BNR EFILive tunes are on sale, $50 off until Tuesday morning! Veterans get another 10% off of that if you contact us first for the needed code. 

Happy Memorial Day!


----------



## Jonnyukon (Aug 20, 2013)

Do u tune the 1.8's?


Sent from AutoGuide.com Free App


----------



## CruzeTech (Mar 23, 2012)

Was wondering when you were going to post this. I didn't wanna step on any toes, and post if for you. But I didn't want anyone to miss out, either. 

Just ordered mine. Can't wait.


----------



## [email protected] (Nov 12, 2011)

Jonnyukon said:


> Do u tune the 1.8's?
> 
> 
> Sent from AutoGuide.com Free App


Not yet EFILive hasn't mapped out all the OSs for the 1.8 yet. Coming soon though, they're working on it.


----------



## illroyale (May 25, 2014)

Is the handheld yours to keep after purchasing the tune?


----------



## [email protected] (Nov 12, 2011)

illroyale said:


> Is the handheld yours to keep after purchasing the tune?



Yup, you get unlimited updates forever too. We never charge a penny after initial purchase.


----------



## CruzeTech (Mar 23, 2012)

How many tunes can we install on it? I'd like to have a wild tune and an e-85 tune. 

I ordered mine the other day, if you'd like to send me both of those, I won't be mad at ya! That way I'll have the basic e-85 tune, already, when you guys get the injectors back in stock.


----------



## hificruzer226 (Mar 27, 2013)

Wanted to bump this up so more can see


----------



## wasney (Mar 3, 2015)

I wish I had the cash I would order it.  Dang.


----------



## hificruzer226 (Mar 27, 2013)

wasney said:


> I wish I had the cash I would order it.  Dang.

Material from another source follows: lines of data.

(* Let $K\subseteq\mathbb{C}$ be a number field of class number $1$ stable under complex conjugation, with ring of integers $\mathcal{O}_K$, and let $K_0:=K\cap\mathbb{R}$, $\mathcal{O}_{K_0}:=K_0\cap\mathcal{O}_K$. Suppose $a,b\in\mathcal{O}_{K_0}$ satisfy $a\mid b$ and $a=\alpha\overline{\alpha}$, $b=\beta\overline{\beta}$ for some $\alpha,\beta\in\mathcal{O}_K$. Then there exists $\alpha_1\in\mathcal{O}_K$ dividing $\beta$ such that $\alpha_1\overline{\alpha_1}=\alpha\overline{\alpha}$. In particular $b/a=\gamma\overline{\gamma}$ with $\gamma=\beta/\alpha_1\in\mathcal{O}_K$. *)

theory Defs
  imports Complex_Main "HOL-Computational_Algebra.Polynomial"
begin

definition subfield_of_complex :: "complex set \<Rightarrow> bool" where
  "subfield_of_complex K \<longleftrightarrow> 0 \<in> K \<and> 1 \<in> K \<and>
     (\<forall>x\<in>K. \<forall>y\<in>K. x + y \<in> K \<and> x - y \<in> K \<and> x * y \<in> K) \<and>
     (\<forall>x\<in>K. x \<noteq> 0 \<longrightarrow> inverse x \<in> K)"

definition number_field :: "complex set \<Rightarrow> bool" where
  "number_field K \<longleftrightarrow> subfield_of_complex K \<and>
     (\<exists>B. finite B \<and> B \<subseteq> K \<and>
        (\<forall>x\<in>K. \<exists>c :: complex \<Rightarrow> rat. x = (\<Sum>b\<in>B. of_rat (c b) * b)))"

definition ring_of_integers :: "complex set \<Rightarrow> complex set" where
  "ring_of_integers K = {x \<in> K. algebraic_int x}"

definition dvd_in :: "complex set \<Rightarrow> complex \<Rightarrow> complex \<Rightarrow> bool" where
  "dvd_in R x y \<longleftrightarrow> (\<exists>c\<in>R. y = x * c)"

definition ideal_in :: "complex set \<Rightarrow> complex set \<Rightarrow> bool" where
  "ideal_in R I \<longleftrightarrow> I \<subseteq> R \<and> 0 \<in> I \<and>
     (\<forall>x\<in>I. \<forall>y\<in>I. x + y \<in> I) \<and> (\<forall>r\<in>R. \<forall>x\<in>I. r * x \<in> I)"

definition class_number_one :: "complex set \<Rightarrow> bool" where
  "class_number_one K \<longleftrightarrow>
     (\<forall>I. ideal_in (ring_of_integers K) I \<longrightarrow>
        (\<exists>g\<in>ring_of_integers K. I = {g * r | r. r \<in> ring_of_integers K}))"

end

theory Submission imports Defs "Jordan_Normal_Form.Char_Poly" begin

text \<open>Since \<open>\<O>\<^sub>K\<close> is a principal ideal domain, write \<open>\<alpha> = g r\<^sub>1\<close> and \<open>\<beta> = g r\<^sub>2\<close> with
  \<open>x r\<^sub>1 + y r\<^sub>2 = 1\<close>. Cancelling \<open>g cnj g\<close> in \<open>\<alpha> cnj \<alpha> | \<beta> cnj \<beta>\<close> gives
  \<open>r\<^sub>1 | r\<^sub>2 cnj r\<^sub>2\<close>, and coprimality of \<open>r\<^sub>1\<close> and \<open>r\<^sub>2\<close> yields \<open>r\<^sub>1 | cnj r\<^sub>2\<close>.
  Hence \<open>\<alpha>\<^sub>1 = g cnj r\<^sub>1\<close> divides \<open>\<beta> = g r\<^sub>2\<close> and has the same norm as \<open>\<alpha>\<close>.
  That \<open>\<O>\<^sub>K\<close> is closed under sums and products follows from the criterion that
  \<open>x\<close> is an algebraic integer as soon as multiplication by \<open>x\<close> preserves a nonzero finitely
  generated \<open>\<int>\<close>-submodule of \<open>\<complex>\<close>, since \<open>x\<close> is then an eigenvalue of an
  integer matrix.\<close>

definition int_span :: "complex set \<Rightarrow> complex set" where
  "int_span G = {(\<Sum>g\<in>G. of_int (c g) * g) | c. True}"

lemma int_span_iff: "a \<in> int_span G \<longleftrightarrow> (\<exists>c. a = (\<Sum>g\<in>G. of_int (c g) * g))"
  unfolding int_span_def by auto

lemma int_span_add:
  assumes "a \<in> int_span G" "b \<in> int_span G"
  shows "a + b \<in> int_span G"
proof -
  obtain c d where "a = (\<Sum>g\<in>G. of_int (c g) * g)" "b = (\<Sum>g\<in>G. of_int (d g) * g)"
    using assms unfolding int_span_iff by blast
  then have "a + b = (\<Sum>g\<in>G. of_int (c g + d g) * g)"
    by (simp add: sum.distrib distrib_right)
  then show ?thesis unfolding int_span_iff by (rule exI[of _ "\<lambda>g. c g + d g"])
qed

same boat here:shipwrecked:


----------



## CruzeTech (Mar 23, 2012)

Can't wait. Mine shipped the day before yesterday. Hopefully, I'll see it today.


----------



## illroyale (May 25, 2014)

Write a review when you get it if you get a chance!!



CruzeTech said:


> Can't wait. Mine shipped the day before yesterday. Hopefully, I'll see it today.


----------



## RDB (Apr 27, 2015)

Hey I know I'm in the wrong place for this. But I got set of 18x9 for the front and 19x10 for the back...bolt pattern on the rims are 5x110, anyone know the best place for adapters? Also live I'm T.O canada. Thanks.....now for the tune, besides plugin it in and tuning it, do other components under the hood need to be changed? I got 2015 cruze 1.4t with zzp intake/eibach springs so far that's it...going to install zzp mid nd down pipe soon....should I do up my exhaust first then tune or I can tune with the stock cats and everything then install do nd mp ..or would it have problems besides the cats code throwing off. Thanks


----------



## [email protected] (Nov 12, 2011)

If you get a BNR tune you can tune now and install the parts later and just get a free update after. There's not really any specific tuning required and I could shut the CELs off before you get the parts so you dont have to do anything after you get them installed.


----------



## Cruzin' 6th Gear (Mar 12, 2014)

What is the purpose of the tunes sold counter on BNR?


----------



## [email protected] (Nov 12, 2011)

There is a group buy going on, but we will honor all sold, even if its only one.


----------